- The Washington Times - Friday, February 14, 2025

ABU DHABI, United Arab Emirates — The most futuristic weapons, including sixth-generation fighter jets, supersonic cruise missiles and drones whose brains are packed with artificial intelligence microchips, are on full display in the world’s biggest open-air arms bazaar.

The weeklong International Defense Exhibition and Conference (IDEX) and the Naval Defense and Maritime Security Exhibition (NAVDEX) kick off Monday in the heart of the Middle East. It includes top U.S., European and Middle Eastern defense firms, as well as all the major Chinese and Russian firms.

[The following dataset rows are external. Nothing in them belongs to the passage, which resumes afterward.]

(* Fix $\alpha\in(0,1)$. Let $u\in C([-1,1])$ be monotone. Then for every $\varepsilon>0$ there exists an $\alpha$-power piecewise linear function $g$ such that $|u(x)-g(x)|\le\varepsilon$ for all $x\in[-1,1]$.
   Context: A piecewise linear (PL) function is a continuous function $g:\mathbb{R}\to\mathbb{R}$ which is affine on each of finitely many intervals partitioning $\mathbb{R}$ (separated by finitely many breakpoints). A PL function $g$ is called $\alpha$-power PL if there is a constant $c\in\mathbb{R}$ such that the slope of every linear piece of $g$ lies in $\{c\alpha^k: k\in\mathbb{Z}\}$. *)

theory Defs
  imports "HOL-Analysis.Analysis"
begin

definition piece :: "real list \<Rightarrow> nat \<Rightarrow> real set" where
  "piece bs i =
     (if length bs = 0 then UNIV
      else if i = 0 then {..bs ! 0}
      else if i = length bs then {bs ! (length bs - 1)..}
      else {bs ! (i - 1) .. bs ! i})"

definition pl_data :: "(real \<Rightarrow> real) \<Rightarrow> real list \<Rightarrow> real list \<Rightarrow> real list \<Rightarrow> bool" where
  "pl_data g bs ms cs \<longleftrightarrow>
     continuous_on UNIV g \<and> sorted_wrt (<) bs \<and>
     length ms = length bs + 1 \<and> length cs = length bs + 1 \<and>
     (\<forall>i \<le> length bs. \<forall>x \<in> piece bs i. g x = ms ! i * x + cs ! i)"

definition piecewise_linear :: "(real \<Rightarrow> real) \<Rightarrow> bool" where
  "piecewise_linear g \<longleftrightarrow> (\<exists>bs ms cs. pl_data g bs ms cs)"

definition alpha_power_pl :: "real \<Rightarrow> (real \<Rightarrow> real) \<Rightarrow> bool" where
  "alpha_power_pl \<alpha> g \<longleftrightarrow>
     (\<exists>bs ms cs c. pl_data g bs ms cs \<and>
        (\<forall>m \<in> set ms. \<exists>k::int. m = c * \<alpha> powi k))"

end

theory Submission imports Defs begin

“This is the largest exposition of cutting-edge tech in defense and security in the Middle East,” said retired Navy Vice Adm. Kevin M. Donegan, a former U.S. 5th Fleet commander and a former director of operations for the Pentagon’s Central Command.

“It’s important,” said Adm. Donegan, “because nations spend a lot of money on defense, and they want the most cutting-edge tech, and this exposition brings not just Western defense offerings but China and other countries’ weaponry. This is the expo where you have all the major players from all the major nations — adversaries or allies — laying their newest stuff out there.”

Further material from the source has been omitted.